lemma region1_price_floor:
  assumes w: "0 \<le> wmin K w" and P: "0 \<le> Ps" "0 \<le> Pt"
    and gains: "gains_in N K glo ghi a b c" "0 < glo" "glo \<le> ghi"
    and c: "\<exists>m<N. \<exists>k<K. 0 < c m k" and lam: "lam \<in> region1 N K w a c Ps Pt"
  shows "price_floor N K a b c (wmin K w * glo / (4 * alpha * (ghi * min Ps Pt + 1))) lam"
proof -
  define minA where "minA = Min {a m |m. m < N \<and> 0 < a m}"
  define minC where "minC = Min {c m k |m k. m < N \<and> k < K \<and> 0 < c m k}"
  define maxA where "maxA = Max {a m |m. m < N}"
  let ?S = "lam_s lam + lam_t lam" and ?R = "lam_r lam + lam_t lam"
  have R: "0 \<le> ?R" using lam unfolding region1_def nonneg_dual_def by simp
  have S: "wmin K w * glo / (4 * alpha * (ghi * min Ps Pt + 1)) \<le> ?S"
    if m: "m < N" "0 < a m" for m
  proof -
    have mA: "glo \<le> minA"
      unfolding minA_def using glo_le_Min_pos_gain[OF gains(1) m] .
    have "finite {c m k |m k. m < N \<and> k < K}"
      by (rule finite_image_set2) auto
    then have "finite {c m k |m k. m < N \<and> k < K \<and> 0 < c m k}"
      by (rule finite_subset[rotated]) blast
    then have mC: "glo \<le> minC"
      unfolding minC_def using c gains unfolding gains_in_def
      by (intro Min.boundedI) force+
    have "a m \<le> maxA"
      unfolding maxA_def using m by (intro Max_ge) auto
    moreover have "maxA \<le> ghi"
      unfolding maxA_def using m gains unfolding gains_in_def by (intro Max.boundedI) force+
    ultimately have MA: "0 \<le> maxA" "maxA \<le> ghi"
      using m by auto
    have "wmin K w * glo / (4 * alpha * (ghi * min Ps Pt + 1))
        \<le> wmin K w * min minA minC / (4 * alpha * (maxA * min Ps Pt + 1))"
    proof (rule frac_le)
      show "0 \<le> wmin K w * min minA minC" "wmin K w * glo \<le> wmin K w * min minA minC"
        using w mA mC gains by (auto intro: mult_left_mono)
      show "0 < 4 * alpha * (maxA * min Ps Pt + 1)"
        using alpha_pos MA P by (simp add: add_nonneg_pos)
      show "4 * alpha * (maxA * min Ps Pt + 1) \<le> 4 * alpha * (ghi * min Ps Pt + 1)"
        using alpha_pos MA P by (simp add: mult_right_mono)
    qed
    also have "\<dots> \<le> ?S"
      using lam unfolding region1_def minA_def minC_def maxA_def by simp
    finally show ?thesis .
  qed
  have "b n k * d \<le> b n k * ?S + (a m - c m k) * ?R"
    if "m < N" "k < K" "c m k < a m" "0 < b n k" "d \<le> ?S" for m n k d
    using that R by (smt (verit) mult_left_mono mult_nonneg_nonneg)
  moreover have "0 < a m" if "m < N" "k < K" "c m k < a m" for m k
    using gains that unfolding gains_in_def by force
  ultimately show ?thesis
    unfolding price_floor_def using R S by (meson less_le_trans)
qed

lemma region2_price_floor:
  assumes w: "0 \<le> wmin K w" and P: "0 \<le> Ps" "0 \<le> Pt"
    and gains: "gains_in N K glo ghi a b c" "0 < glo" "glo \<le> ghi"
    and c: "\<forall>m<N. \<forall>k<K. c m k = 0" and lam: "lam \<in> region2 N K w a b Ps Pt"
  shows "price_floor N K a b c (wmin K w / (alpha * (min Ps Pt + 1 / glo))) lam"
proof -
  define minA where "minA = Min {a m |m. m < N \<and> 0 < a m}"
  define maxB where "maxB = Max {b n k |n k. n < N \<and> k < K}"
  define d where "d = wmin K w / (alpha * (min Ps Pt + 1 / glo))"
  let ?S = "lam_s lam + lam_t lam" and ?R = "lam_r lam + lam_t lam"
  have R: "0 \<le> ?R" using lam unfolding region2_def nonneg_dual_def by simp
  have "b n k * d \<le> b n k * ?S + a m * ?R"
    if mnk: "m < N" "n < N" "k < K" "0 < a m" "0 < b n k" for m n k
  proof -
    have mA: "glo \<le> minA" "minA \<le> a m"
      unfolding minA_def using glo_le_Min_pos_gain[OF gains(1)] mnk by (auto intro: Min_le)
    have bM: "b n k \<le> maxB"
      unfolding maxB_def by (rule Max_ge) (use mnk in \<open>auto intro: finite_image_set2\<close>)
    have "b n k * (minA / maxB) = minA * (b n k / maxB)"
      by simp
    also have "\<dots> \<le> minA"
      using bM mnk mA gains by (intro mult_left_le) (auto simp: divide_le_eq_1)
    also have "\<dots> \<le> a m"
      using mA by simp
    finally have coeff: "b n k * (minA / maxB) \<le> a m" .
    have "d \<le> wmin K w / (alpha * (min Ps Pt + 1 / minA))"
      unfolding d_def using alpha_pos mA gains P w
      by (intro divide_left_mono mult_left_mono add_left_mono divide_left_mono mult_pos_pos add_nonneg_pos) auto
    also have "\<dots> \<le> ?S + minA / maxB * ?R"
      using lam unfolding region2_def minA_def maxB_def by simp
    finally have "b n k * d \<le> b n k * (?S + minA / maxB * ?R)"
      using mnk by (intro mult_left_mono) auto
    also have "\<dots> = b n k * ?S + b n k * (minA / maxB) * ?R"
      by (simp only: distrib_left mult.assoc)
    also have "\<dots> \<le> b n k * ?S + a m * ?R"
      using coeff R by (intro add_left_mono mult_right_mono)
    finally show ?thesis .
  qed
  then show ?thesis
    unfolding price_floor_def d_def[symmetric] using R c by auto
qed

lemma closed_region1: "closed (region1 N K w a c Ps Pt)"
  unfolding region1_def nonneg_dual_def lam_s_def lam_r_def lam_t_def
  by (intro closed_Collect_conj closed_Collect_le continuous_intros)

lemma closed_region2: "closed (region2 N K w a b Ps Pt)"
  unfolding region2_def nonneg_dual_def lam_s_def lam_r_def lam_t_def
  by (intro closed_Collect_conj closed_Collect_le continuous_intros)

lemma psg_run_iterate:
  assumes run: "psg_run Reg sg lam nu th" and "closed Reg"
  shows "lam l \<in> Reg \<and> sg (lam l) (th l)"
proof -
  have "lam l \<in> Reg"
  proof (induction l)
    case 0
    then show ?case using run unfolding psg_run_def by simp
  next
    case (Suc l)
    then show ?case
      using run \<open>closed Reg\<close> closest_point_in_set unfolding psg_run_def by (metis empty_iff)
  qed
  then show ?thesis using run unfolding psg_run_def by simp
qed

lemma psg_run_subgrad_norm_le:
  assumes run: "psg_run Reg (subgrad_choice N K w a b c Ps Pr Pt) lam nu th" "closed Reg"
    and floor: "\<And>lam. lam \<in> Reg \<Longrightarrow> price_floor N K a b c d lam" "0 < d"
    and w: "\<forall>k<K. 0 \<le> w k" "(\<Sum>k<K. w k) = 1"
    and P: "0 \<le> Ps" "0 \<le> Pr" "0 \<le> Pt"
    and gains: "gains_in N K glo ghi a b c" "0 < glo" "glo \<le> ghi"
  shows "norm (th l) \<le> Ps + Pr + Pt + 2 * real N * ((1 + ghi / glo) / (alpha * d))"
proof -
  have "lam l \<in> Reg" "subgrad_choice N K w a b c Ps Pr Pt (lam l) (th l)"
    using psg_run_iterate[OF run] by auto
  then show ?thesis
    using subgrad_choice_norm_le_price_floor[OF _ w P gains floor(1) floor(2)] by blast
qed

lemma wmin_pos:
  assumes "\<forall>k<K. 0 \<le> w k" "(\<Sum>k<K. w k) = 1"
  shows "0 < wmin K w"
proof -
  obtain k where k: "k < K" "0 < w k"
    using assms by (metis less_eq_real_def lessThan_iff sum.neutral zero_neq_one)
  then have "Min {w k |k. k < K \<and> 0 < w k} \<in> {w k |k. k < K \<and> 0 < w k}"
    by (intro Min_in) auto
  then show ?thesis
    unfolding wmin_def by auto
qed

definition dcdm_price_floor :: "nat \<Rightarrow> (nat \<Rightarrow> real) \<Rightarrow> real \<Rightarrow> real \<Rightarrow> real \<Rightarrow> real \<Rightarrow> real" where
  "dcdm_price_floor K w Ps Pt glo ghi =
     min (wmin K w * glo / (4 * alpha * (ghi * min Ps Pt + 1)))
         (wmin K w / (alpha * (min Ps Pt + 1 / glo)))"

lemma dcdm_price_floor_pos:
  assumes "0 < wmin K w" "0 \<le> Ps" "0 \<le> Pt" "0 < glo" "glo \<le> ghi"
  shows "0 < dcdm_price_floor K w Ps Pt glo ghi"
  unfolding dcdm_price_floor_def using assms alpha_pos
  by (auto intro!: divide_pos_pos mult_pos_pos add_nonneg_pos)

lemma dcdm_step_subgradient_norm_le:
  assumes w: "\<forall>k<K. 0 \<le> w k" "(\<Sum>k<K. w k) = 1"
    and P: "0 \<le> Ps" "0 \<le> Pr" "0 \<le> Pt"
    and gains: "gains_in N K glo ghi a b c" "0 < glo" "glo \<le> ghi"
    and step: "dcdm_step_subgradient N K w a b c Ps Pr Pt g"
  shows "norm g \<le> Ps + Pr + Pt
           + 2 * real N * ((1 + ghi / glo) / (alpha * dcdm_price_floor K w Ps Pt glo ghi))"
proof -
  let ?d = "dcdm_price_floor K w Ps Pt glo ghi"
  have wmin: "0 \<le> wmin K w" and d: "0 < ?d"
    using wmin_pos[OF w] dcdm_price_floor_pos P gains by auto
  have floor2: "price_floor N K a b c' ?d lam"
    if "gains_in N K glo ghi a b c'" "\<forall>m<N. \<forall>k<K. c' m k = 0" "lam \<in> region2 N K w a b Ps Pt"
    for c' lam
    using region2_price_floor[OF wmin P(1,3) that(1) gains(2,3) that(2,3)]
    unfolding dcdm_price_floor_def by (rule price_floor_mono) simp
  show ?thesis
  proof (cases "\<exists>m<N. \<exists>k<K. 0 < c m k")
    case True
    have floor1: "price_floor N K a b c ?d lam" if "lam \<in> region1 N K w a c Ps Pt" for lam
      using region1_price_floor[OF wmin P(1,3) gains True that]
      unfolding dcdm_price_floor_def by (rule price_floor_mono) simp
    have gains0: "gains_in N K glo ghi a b (\<lambda>_ _. 0)"
      using gains(1) unfolding gains_in_def by simp
    from step True consider
        (region1) lam nu th l where "psg_run (region1 N K w a c Ps Pt) (subgrad_choice N K w a b c Ps Pr Pt) lam nu th" "g = th l"
      | (region2) lam nu th l where "psg_run (region2 N K w a b Ps Pt) (subgrad_choice N K w a b (\<lambda>_ _. 0) Ps Pr Pt) lam nu th" "g = th l"
      unfolding dcdm_step_subgradient_def by auto
    then show ?thesis
    proof cases
      case region1
      then show ?thesis
        using psg_run_subgrad_norm_le[OF region1(1) closed_region1 floor1 d w P gains] by simp
    next
      case region2
      then show ?thesis
        using psg_run_subgrad_norm_le[OF region2(1) closed_region2 floor2[OF gains0] d w P gains0 gains(2,3)]
        by simp
    qed
  next
    case False
    then have "\<forall>m<N. \<forall>k<K. c m k = 0"
      using gains unfolding gains_in_def by force
    moreover obtain lam nu th l where
      "psg_run (region2 N K w a b Ps Pt) (subgrad_choice N K w a b c Ps Pr Pt) lam nu th" "g = th l"
      using step False unfolding dcdm_step_subgradient_def by auto
    ultimately show ?thesis
      using psg_run_subgrad_norm_le[OF _ closed_region2 floor2[OF gains(1)] d w P gains] by simp
  qed
qed

theorem lemma4:
  fixes K :: nat and w :: "nat \<Rightarrow> real" and Ps Pr Pt glo ghi :: real
  assumes "K \<ge> 1" and "\<forall>k<K. w k \<ge> 0" and "(\<Sum>k<K. w k) = 1"
    and "Ps > 0" and "Pr > 0" and "Pt > 0"
    and "0 < glo" and "glo \<le> ghi"
  shows "\<exists>\<theta>max :: nat \<Rightarrow> real. \<theta>max \<in> O(\<lambda>N. (real N) ^ 2) \<and>
           (\<forall>N a b c g. N \<ge> 1 \<and> gains_in N K glo ghi a b c \<and>
              dcdm_step_subgradient N K w a b c Ps Pr Pt g \<longrightarrow> norm g \<le> \<theta>max N)"
proof -
  define C where "C = 2 * ((1 + ghi / glo) / (alpha * dcdm_price_floor K w Ps Pt glo ghi))"
  have "(\<lambda>N. Ps + Pr + Pt + C * real N) \<in> O(\<lambda>N. (real N) ^ 2)"
    by real_asymp
  moreover have "norm g \<le> Ps + Pr + Pt + C * real N"
    if "gains_in N K glo ghi a b c" "dcdm_step_subgradient N K w a b c Ps Pr Pt g" for N a b c g
    using dcdm_step_subgradient_norm_le[OF assms(2,3) _ _ _ that(1) assms(7,8) that(2)] assms(4-6)
    unfolding C_def by (simp add: algebra_simps)
  ultimately show ?thesis
    by blast
qed

end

* * * * * * * * *

--- THE TASK ---
Set down exactly, and only, the lines from the one containing "unfolding C_def by" through the final line of the entries above.

--- TASK ANSWER ---
    unfolding C_def by (simp add: algebra_simps)
  ultimately show ?thesis
    by blast
qed

end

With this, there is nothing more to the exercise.